An unidentified House member urged opposition to H.R. 2988, the Protecting Prudent Investment of Retirement Savings Act, saying it would codify Trump-era limits on environmental, social and governance (ESG) considerations and undermine efforts to expand asset-management opportunities for women- and minority-owned firms.

An unidentified member of the House urged colleagues to oppose H.R. 2988, the Protecting Prudent Investment of Retirement Savings Act, arguing the bill would codify Trump-administration limits on considering environmental, social and governance (ESG) factors in retirement-plan investing and would undermine efforts to expand opportunities for women- and minority-owned asset managers.

The speaker said current law requires plan fiduciaries to make "prudent investment decisions in the best interest of plan participants and beneficiaries," and cautioned that H.R. 2988 would alter how fiduciaries may weigh long-term risks. "Considering whether a real estate investment will literally be underwater because of sea level rise is not ideology," the Unidentified Speaker said, arguing that climate risk can affect returns.

The lawmaker described the bill as codifying two rules from the Trump administration that, in their view, limit fiduciaries' ability to consider ESG factors and to exercise shareholder rights. By contrast, the speaker said, the Biden administration had allowed fiduciaries to consider ESG factors so long as those considerations do not "diminish investment returns."

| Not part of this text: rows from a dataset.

(* Let $(X,d)$ be a metric space and let $T,f,g:X\to X$ be selfmaps such that $T$ is $(f,g)$-weakly contractive, i.e. there exists $\psi\in\Psi$ with \[d(Tx,Ty)\leq\min\{d(fx,gy)-\psi(d(fx,gy)),\ d(gx,fy)-\psi(d(gx,fy))\}\quad\text{for all }x,y\in X.\] Suppose the pairs $(T,f)$ and $(T,g)$ are weakly compatible, $\overline{T(X)}\subseteq f(X)$, $\overline{T(X)}\subseteq g(X)$, and $\overline{T(X)}$ is a complete subspace of $X$. Then $T$, $f$ and $g$ have a unique common fixed point in $X$.
   Context: $R_+=[0,\infty)$. $\Psi$ denotes the set of all functions $\psi:R_+\to R_+$ that are continuous and nondecreasing on $R_+$, with $\psi(t)>0$ for $t>0$, $\psi(0)=0$ and $\lim_{t\to\infty}\psi(t)=\infty$. A pair $(T,f)$ of selfmaps of $X$ is weakly compatible if $T$ and $f$ commute at their coincidence points, i.e. $Tx=fx$ implies $T(fx)=f(Tx)$. $\overline{T(X)}$ is the closure of $T(X)$ in $X$. *)

theory Defs
  imports "HOL-Analysis.Analysis"
begin

definition Psi :: "(real \<Rightarrow> real) set" where
  "Psi = {\<psi>. (\<forall>t\<ge>0. \<psi> t \<ge> 0) \<and> continuous_on {0..} \<psi> \<and> mono_on {0..} \<psi>
              \<and> (\<forall>t>0. \<psi> t > 0) \<and> \<psi> 0 = 0 \<and> filterlim \<psi> at_top at_top}"

definition weakly_compatible :: "('a \<Rightarrow> 'a) \<Rightarrow> ('a \<Rightarrow> 'a) \<Rightarrow> bool" where
  "weakly_compatible T f \<longleftrightarrow> (\<forall>x. T x = f x \<longrightarrow> T (f x) = f (T x))"

definition fg_weakly_contractive ::
  "('a::metric_space \<Rightarrow> 'a) \<Rightarrow> ('a \<Rightarrow> 'a) \<Rightarrow> ('a \<Rightarrow> 'a) \<Rightarrow> bool" where
  "fg_weakly_contractive T f g \<longleftrightarrow> (\<exists>\<psi>\<in>Psi. \<forall>x y.
     dist (T x) (T y) \<le> min (dist (f x) (g y) - \<psi> (dist (f x) (g y)))
                              (dist (g x) (f y) - \<psi> (dist (g x) (f y))))"

end

theory Submission
  imports Defs
begin

text \<open>Since \<open>f\<close> and \<open>g\<close> map onto \<open>C = closure (range T)\<close>, one can set \<open>S p = T x\<close> for
  any \<open>x\<close> with \<open>f x = p\<close>: the contraction condition with \<open>f x = g y\<close> forces \<open>T x = T y\<close>,
  and it turns into Rhoades' condition \<open>d(S p, S q) \<le> d(p, q) - \<psi>(d(p, q))\<close> on \<open>C\<close>.
  The orbits of \<open>S\<close> are Cauchy, so completeness of \<open>C\<close> yields \<open>z = S z\<close>, i.e. points
  \<open>u, v\<close> with \<open>T u = f u = z = T v = g v\<close>. Weak compatibility gives \<open>T z = f z = g z\<close>,
  and one more application of the contraction condition forces \<open>T z = z\<close>, as well as
  the equality of any two common fixed points.\<close>

lemma Psi_pos: "\<psi> \<in> Psi \<Longrightarrow> t > 0 \<Longrightarrow> \<psi> t > 0"
  and Psi_nonneg: "\<psi> \<in> Psi \<Longrightarrow> t \<ge> 0 \<Longrightarrow> \<psi> t \<ge> 0"
  and Psi_0: "\<psi> \<in> Psi \<Longrightarrow> \<psi> 0 = 0"
  and Psi_mono: "\<psi> \<in> Psi \<Longrightarrow> 0 \<le> s \<Longrightarrow> s \<le> t \<Longrightarrow> \<psi> s \<le> \<psi> t"
  unfolding Psi_def mono_on_def by auto

lemma Psi_le_diff_imp_eq_0:
  assumes "\<psi> \<in> Psi" "d \<ge> 0" "d \<le> d - \<psi> d"
  shows "d = 0"
  using assms Psi_pos[of \<psi> d] by linarith

lemma Psi_descent_gets_small:
  fixes d :: "nat \<Rightarrow> real"
  assumes "\<psi> \<in> Psi" and descent: "\<And>n. d (Suc n) \<le> d n - \<psi> (d n)" and "\<delta> > 0"
  shows "\<exists>N. d N < \<delta>"
proof (rule ccontr)
  assume "\<not> ?thesis"
  hence ge: "d n \<ge> \<delta>" for n by (simp add: not_less)
  have bound: "d n \<le> d 0 - real n * \<psi> \<delta>" for n
  proof (induction n)
    case 0
    then show ?case by simp
  next
    case (Suc n)
    have "\<psi> \<delta> \<le> \<psi> (d n)" using Psi_mono[OF assms(1)] ge[of n] \<open>\<delta> > 0\<close> by simp
    with descent[of n] Suc show ?case by (simp add: algebra_simps)
  qed
  obtain n where "real n * \<psi> \<delta> > d 0"
    using reals_Archimedean3[OF Psi_pos[OF assms(1,3)]] by blast
  with bound[of n] ge[of n] \<open>\<delta> > 0\<close> show False by linarith
qed

locale weakly_contractive_on =
  fixes \<psi> :: "real \<Rightarrow> real" and C :: "'a::metric_space set" and S :: "'a \<Rightarrow> 'a"
  assumes Psi: "\<psi> \<in> Psi"
    and maps_into: "S ` C \<subseteq> C"
    and contractive: "\<And>p q. p \<in> C \<Longrightarrow> q \<in> C \<Longrightarrow> dist (S p) (S q) \<le> dist p q - \<psi> (dist p q)"
begin

lemma nonexpansive: "p \<in> C \<Longrightarrow> q \<in> C \<Longrightarrow> dist (S p) (S q) \<le> dist p q"
  using contractive[of p q] Psi_nonneg[OF Psi, of "dist p q"] by simp

lemma funpow_in: "x \<in> C \<Longrightarrow> (S ^^ n) x \<in> C"
  by (induction n) (use maps_into in auto)

text \<open>Far from \<open>x\<close> the gain \<open>\<psi>(\<epsilon>/2)\<close> of the contraction absorbs the step \<open>d(x, S x)\<close>;
  near \<open>x\<close> nonexpansiveness suffices.\<close>

lemma dist_orbit_le:
  assumes "x \<in> C" "\<epsilon> > 0" and step: "dist x (S x) \<le> min (\<psi> (\<epsilon>/2)) (\<epsilon>/2)"
  shows "dist ((S ^^ n) x) x \<le> \<epsilon>"
proof (induction n)
  case 0
  then show ?case using \<open>\<epsilon> > 0\<close> by simp
next
  case (Suc n)
  let ?y = "(S ^^ n) x"
  have y: "?y \<in> C" using funpow_in[OF \<open>x \<in> C\<close>] .
  have tri: "dist ((S ^^ Suc n) x) x \<le> dist (S ?y) (S x) + dist x (S x)"
    using dist_triangle[of "S ?y" x "S x"] by (simp add: dist_commute)
  show ?case
  proof (cases "dist ?y x \<ge> \<epsilon>/2")
    case True
    then have "\<psi> (\<epsilon>/2) \<le> \<psi> (dist ?y x)"
      using Psi_mono[OF Psi] \<open>\<epsilon> > 0\<close> by simp
    then show ?thesis using tri contractive[OF y \<open>x \<in> C\<close>] Suc.IH step by linarith
  next
    case False
    then show ?thesis using tri nonexpansive[OF y \<open>x \<in> C\<close>] step by linarith
  qed
qed

lemma orbit_Cauchy:
  assumes "x \<in> C"
  shows "Cauchy (\<lambda>n. (S ^^ n) x)"
proof (rule metric_CauchyI)
  fix e :: real
  assume "e > 0"
  define \<epsilon> where "\<epsilon> = e / 3"
  define d where "d n = dist ((S ^^ n) x) ((S ^^ Suc n) x)" for n
  have "\<epsilon> > 0" using \<open>e > 0\<close> by (simp add: \<epsilon>_def)
  then have "min (\<psi> (\<epsilon>/2)) (\<epsilon>/2) > 0"
    using Psi_pos[OF Psi] by simp
  moreover have "d (Suc n) \<le> d n - \<psi> (d n)" for n
    using contractive[OF funpow_in funpow_in, OF \<open>x \<in> C\<close> \<open>x \<in> C\<close>, of n "Suc n"]
    by (simp add: d_def)
  ultimately obtain N where "d N < min (\<psi> (\<epsilon>/2)) (\<epsilon>/2)"
    using Psi_descent_gets_small[OF Psi] by blast
  then have N: "dist ((S ^^ N) x) (S ((S ^^ N) x)) \<le> min (\<psi> (\<epsilon>/2)) (\<epsilon>/2)"
    by (simp add: d_def)
  have near: "dist ((S ^^ n) x) ((S ^^ N) x) \<le> \<epsilon>" if "n \<ge> N" for n
  proof -
    have "(S ^^ n) x = (S ^^ (n - N)) ((S ^^ N) x)"
      using that by (metis funpow_add le_add_diff_inverse2 o_apply)
    then show ?thesis
      using dist_orbit_le[OF funpow_in[OF \<open>x \<in> C\<close>] \<open>\<epsilon> > 0\<close> N] by simp
  qed
  show "\<exists>M. \<forall>m\<ge>M. \<forall>n\<ge>M. dist ((S ^^ m) x) ((S ^^ n) x) < e"
  proof (intro exI allI impI)
    fix m n
    assume "m \<ge> N" "n \<ge> N"
    then show "dist ((S ^^ m) x) ((S ^^ n) x) < e"
      using near[of m] near[of n] dist_triangle[of "(S ^^ m) x" "(S ^^ n) x" "(S ^^ N) x"]
        \<open>\<epsilon> > 0\<close> by (simp add: \<epsilon>_def dist_commute)
  qed
qed

lemma fixpoint_exists:
  assumes "complete C" "C \<noteq> {}"
  shows "\<exists>z\<in>C. S z = z"
proof -
  obtain x where "x \<in> C" using assms(2) by blast
  define y where "y = (\<lambda>n. (S ^^ n) x)"
  have y_in: "y n \<in> C" for n using funpow_in[OF \<open>x \<in> C\<close>] by (simp add: y_def)
  have "Cauchy y" using orbit_Cauchy[OF \<open>x \<in> C\<close>] unfolding y_def .
  then obtain z where "z \<in> C" and lim: "y \<longlonglongrightarrow> z"
    using assms(1) y_in complete_def by blast
  have "continuous_on C S"
    by (rule lipschitz_on_continuous_on[of 1]) (rule lipschitz_onI, simp_all add: nonexpansive)
  then have "(\<lambda>n. S (y n)) \<longlonglongrightarrow> S z"
    using continuous_on_tendsto_compose[OF _ lim \<open>z \<in> C\<close>] y_in by simp
  moreover have "(\<lambda>n. S (y n)) \<longlonglongrightarrow> z"
    using LIMSEQ_Suc[OF lim] by (simp add: y_def)
  ultimately show ?thesis using LIMSEQ_unique \<open>z \<in> C\<close> by blast
qed

end

lemma fg_weakly_contractiveE:
  assumes "fg_weakly_contractive T f g"
  obtains \<psi> where "\<psi> \<in> Psi"
    and "\<And>x y. dist (T x) (T y) \<le> dist (f x) (g y) - \<psi> (dist (f x) (g y))"
    and "\<And>x y. dist (T x) (T y) \<le> dist (g x) (f y) - \<psi> (dist (g x) (f y))"
  using assms unfolding fg_weakly_contractive_def by (meson min.boundedE)

lemma fg_weakly_contractive_eq:
  assumes "fg_weakly_contractive T f g" "f x = g y"
  shows "T x = T y"
proof -
  obtain \<psi> where psi: "\<psi> \<in> Psi"
    and K1: "\<And>x y. dist (T x) (T y) \<le> dist (f x) (g y) - \<psi> (dist (f x) (g y))"
    and "\<And>x y. dist (T x) (T y) \<le> dist (g x) (f y) - \<psi> (dist (g x) (f y))"
    using assms(1) by (rule fg_weakly_contractiveE) blast
  show ?thesis using K1[of x y] assms(2) Psi_0[OF psi] by simp
qed

lemma fg_weakly_contractive_coincidence:
  assumes contr: "fg_weakly_contractive T f g"
    and onto_f: "closure (range T) \<subseteq> range f" and onto_g: "closure (range T) \<subseteq> range g"
    and "complete (closure (range T))"
  obtains z u v where "T u = z" "f u = z" "T v = z" "g v = z"
proof -
  define C where "C = closure (range T)"
  obtain \<psi> where "\<psi> \<in> Psi"
    and K1: "\<And>x y. dist (T x) (T y) \<le> dist (f x) (g y) - \<psi> (dist (f x) (g y))"
    and "\<And>x y. dist (T x) (T y) \<le> dist (g x) (f y) - \<psi> (dist (g x) (f y))"
    using contr by (rule fg_weakly_contractiveE) blast
  define a where "a = inv_into UNIV f"
  define b where "b = inv_into UNIV g"
  have f_a: "f (a p) = p" if "p \<in> C" for p
    using that onto_f unfolding a_def C_def by (meson f_inv_into_f subsetD)
  have g_b: "g (b p) = p" if "p \<in> C" for p
    using that onto_g unfolding b_def C_def by (meson f_inv_into_f subsetD)
  have T_a_b: "T (a p) = T (b p)" if "p \<in> C" for p
    using fg_weakly_contractive_eq[OF contr] f_a[OF that] g_b[OF that] by simp
  interpret weakly_contractive_on \<psi> C "T \<circ> a"
  proof
    show "(T \<circ> a) ` C \<subseteq> C" using closure_subset[of "range T"] by (auto simp: C_def)
    show "dist ((T \<circ> a) p) ((T \<circ> a) q) \<le> dist p q - \<psi> (dist p q)" if "p \<in> C" "q \<in> C" for p q
      using K1[of "a p" "b q"] T_a_b[OF that(2)] f_a[OF that(1)] g_b[OF that(2)] by simp
  qed fact
  have "C \<noteq> {}" using closure_subset unfolding C_def by blast
  then obtain z where "z \<in> C" "T (a z) = z"
    using fixpoint_exists assms(4) unfolding C_def by auto
  then show ?thesis
    using that[of "a z" z "b z"] f_a g_b T_a_b by metis
qed

lemma fg_weakly_contractive_fixpoint:
  assumes "fg_weakly_contractive T f g" "T u = z" "f u = z" "g z = T z"
  shows "T z = z"
proof -
  obtain \<psi> where psi: "\<psi> \<in> Psi"
    and "\<And>x y. dist (T x) (T y) \<le> dist (f x) (g y) - \<psi> (dist (f x) (g y))"
    and K2: "\<And>x y. dist (T x) (T y) \<le> dist (g x) (f y) - \<psi> (dist (g x) (f y))"
    using assms(1) by (rule fg_weakly_contractiveE) blast
  have "dist (T z) z = 0"
    using Psi_le_diff_imp_eq_0[OF psi, of "dist (T z) z"] K2[of z u] assms(2-4) by simp
  then show ?thesis by simp
qed

lemma fg_weakly_contractive_common_fixpoint_unique:
  assumes "fg_weakly_contractive T f g" "T w = w" "f w = w" "T z = z" "g z = z"
  shows "w = z"
proof -
  obtain \<psi> where psi: "\<psi> \<in> Psi"
    and K1: "\<And>x y. dist (T x) (T y) \<le> dist (f x) (g y) - \<psi> (dist (f x) (g y))"
    and "\<And>x y. dist (T x) (T y) \<le> dist (g x) (f y) - \<psi> (dist (g x) (f y))"
    using assms(1) by (rule fg_weakly_contractiveE) blast
  have "dist w z = 0"
    using Psi_le_diff_imp_eq_0[OF psi, of "dist w z"] K1[of w z] assms(2-5) by simp
  then show ?thesis by simp
qed

theorem theorem2p1:
  fixes T f g :: "'a::metric_space \<Rightarrow> 'a"
  assumes "fg_weakly_contractive T f g"
    and "weakly_compatible T f" and "weakly_compatible T g"
    and "closure (range T) \<subseteq> range f" and "closure (range T) \<subseteq> range g"
    and "complete (closure (range T))"
  shows "\<exists>!z. T z = z \<and> f z = z \<and> g z = z"
proof -
  obtain z u v where u: "T u = z" "f u = z" and v: "T v = z" "g v = z"
    using fg_weakly_contractive_coincidence[OF assms(1,4-6)] .
  have "T z = f z" using assms(2) u unfolding weakly_compatible_def by metis
  moreover have "T z = g z" using assms(3) v unfolding weakly_compatible_def by metis
  moreover have "T z = z"
    using fg_weakly_contractive_fixpoint[OF assms(1) u] \<open>T z = g z\<close> by simp
  ultimately show ?thesis
    using fg_weakly_contractive_common_fixpoint_unique[OF assms(1)] by metis
qed

end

The speaker also challenged proponents' risk framing, saying studies show some funds perform as well or better than others. The lawmaker contrasted permitting ESG considerations with what they called a tolerance for "clearly risky investments such as cryptocurrency" in retirement plans, saying that inconsistency "makes no sense at all."

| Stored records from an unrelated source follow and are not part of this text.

(* Let $\mathcal D_{\mathrm{cost}}$ be a distribution on $\mathbb R_{\ge0}$ with mean $1$, let $n\ge1$, and let $x_1,\dots,x_n$ be i.i.d. from $\mathcal D_{\mathrm{cost}}$. Let $\Delta(x_1,\dots,x_n)$ be the minimum number of the $x_i$ that must be removed so that the sum of the remaining ones is at most $n$. Then $$\mathbb E[\Delta(x_1,\dots,x_n)]\le5\sqrt n.$$ *)

theory Defs
  imports "HOL-Probability.Probability"
begin

text \<open>Minimum number of the values x 0, ..., x (n-1) that must be removed so that
  the sum of the remaining ones is at most n. (Removing all of them always works.)\<close>
definition removal_number :: "nat \<Rightarrow> (nat \<Rightarrow> real) \<Rightarrow> nat" where
  "removal_number n x =
     (LEAST k. \<exists>S. S \<subseteq> {..<n} \<and> card S = k \<and> (\<Sum>i\<in>{..<n} - S. x i) \<le> real n)"

end

theory Submission
  imports Defs
begin

text \<open>Keeping the n - k smallest values works as soon as \<open>\<Sum>i<n. min (x i) q - 1 \<le> k * q\<close>
  for every threshold q > 0, so the removal number is at most one more than the least such k.
  For q between \<open>4 ^ (m - 1)\<close> and \<open>4 ^ m\<close> the left-hand side is at most the positive part of
  the centred sum \<open>Z m\<close> of the values capped at \<open>4 ^ m\<close>; thresholds above \<open>4 ^ n\<close> are
  handled by the mean of the values capped at \<open>4 ^ n\<close>. A nonnegative variable capped at Q with
  mean at most 1 has variance at most Q, so the positive part of \<open>Z m\<close> has expectation at most
  \<open>sqrt n * 2 ^ m / 2\<close>. Weighting scale m by \<open>4 / 4 ^ m\<close>, these bounds form a geometric
  series with sum at most \<open>2 * sqrt n\<close>.\<close>

lemma removal_number_le_n: "removal_number n x \<le> n"
  unfolding removal_number_def by (rule Least_le) (rule exI[of _ "{..<n}"], simp)

lemma removal_number_le_card:
  assumes "S \<subseteq> {..<n}" and "(\<Sum>i\<in>{..<n} - S. x i) \<le> real n"
  shows "removal_number n x \<le> card S"
  unfolding removal_number_def using assms by (intro Least_le) blast

lemma exists_top_subset:
  fixes x :: "'a \<Rightarrow> 'b::linorder"
  assumes "finite I" and "k \<le> card I"
  shows "\<exists>S q. S \<subseteq> I \<and> card S = k \<and> (\<forall>i\<in>S. q \<le> x i) \<and> (\<forall>i\<in>I - S. x i \<le> q)"
  using assms(2)
proof (induction k)
  case 0
  show ?case
  proof (cases "I = {}")
    case False
    then show ?thesis using assms(1) by (intro exI[of _ "{}"] exI[of _ "Max (x ` I)"]) auto
  qed auto
next
  case (Suc k)
  then obtain S q where S: "S \<subseteq> I" "card S = k" "\<forall>i\<in>S. q \<le> x i" "\<forall>i\<in>I - S. x i \<le> q"
    by auto
  have "finite S" using S(1) assms(1) by (rule finite_subset)
  have "I - S \<noteq> {}"
  proof
    assume "I - S = {}"
    then have "card I \<le> card S" using \<open>finite S\<close> by (intro card_mono) auto
    then show False using Suc.prems S(2) by simp
  qed
  then obtain j where j: "j \<in> I - S" "x j = Max (x ` (I - S))"
    using Max_in[of "x ` (I - S)"] assms(1)
    by (metis (no_types, lifting) finite_Diff finite_imageI image_iff image_is_empty)
  then have j_max: "\<forall>i\<in>I - S. x i \<le> x j" using assms(1) by simp
  have "\<forall>i\<in>insert j S. x j \<le> x i" using S(3,4) j(1) by (auto intro: order.trans)
  moreover have "card (insert j S) = Suc k" using \<open>finite S\<close> S(2) j(1) by simp
  ultimately show ?case using S(1) j(1) j_max
    by (intro exI[of _ "insert j S"] exI[of _ "x j"]) auto
qed

lemma removal_number_le_of_truncated_sums:
  fixes x :: "nat \<Rightarrow> real"
  assumes H: "\<And>q. q > 0 \<Longrightarrow> (\<Sum>i<n. min (x i) q - 1) \<le> real k * q"
  shows "removal_number n x \<le> k"
proof (cases "k \<le> n")
  case False
  then show ?thesis using removal_number_le_n[of n x] by simp
next
  case True
  then obtain S q where S: "S \<subseteq> {..<n}" "card S = k"
    "\<forall>i\<in>S. q \<le> x i" "\<forall>i\<in>{..<n} - S. x i \<le> q"
    using exists_top_subset[of "{..<n}" k x] by auto
  have "(\<Sum>i\<in>{..<n} - S. x i) \<le> real n"
  proof (cases "q > 0")
    case True
    have "(\<Sum>i<n. min (x i) q) = (\<Sum>i\<in>S. min (x i) q) + (\<Sum>i\<in>{..<n} - S. min (x i) q)"
      using S(1) by (metis add.commute finite_lessThan sum.subset_diff)
    also have "\<dots> = real k * q + (\<Sum>i\<in>{..<n} - S. x i)"
      using S(2-4) by (simp add: min_absorb2)
    finally show ?thesis using H[OF True] by (simp add: sum_subtractf)
  next
    case False
    then have "(\<Sum>i\<in>{..<n} - S. x i) \<le> 0" using S(4) by (intro sum_nonpos) force
    then show ?thesis by simp
  qed
  then show ?thesis using removal_number_le_card[OF S(1)] S(2) by simp
qed

lemma exists_power_bracket:
  fixes b q :: real
  assumes "1 \<le> M" and "1 \<le> q" and "q \<le> b ^ M"
  shows "\<exists>m\<in>{1..M}. b ^ (m - 1) \<le> q \<and> q \<le> b ^ m"
  using assms
proof (induction M rule: nat_induct_at_least)
  case (Suc M)
  show ?case
  proof (cases "q \<le> b ^ M")
    case True
    with Suc.IH Suc.prems show ?thesis by fastforce
  next
    case False
    then show ?thesis using Suc.prems by (intro bexI[of _ "Suc M"]) auto
  qed
qed auto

On diversity in asset management, the speaker cited a figure — about $82 trillion in retirement assets nationally — and said only "1.4% of those assets are managed by women or minority firms," warning that H.R. 2988 would "needlessly undermine what little progress has been made" in expanding access to investment opportunities for those firms. The Unidentified Speaker questioned whether changing the rules is an appropriate response to those disparities, asking how the 1.4% figure came about and arguing the bill would limit access rather than address root causes.

The speaker closed by urging colleagues to oppose the measure and said they reserved the balance of their time. The transcript does not record a vote or any formal action on H.R. 2988 in the provided segments.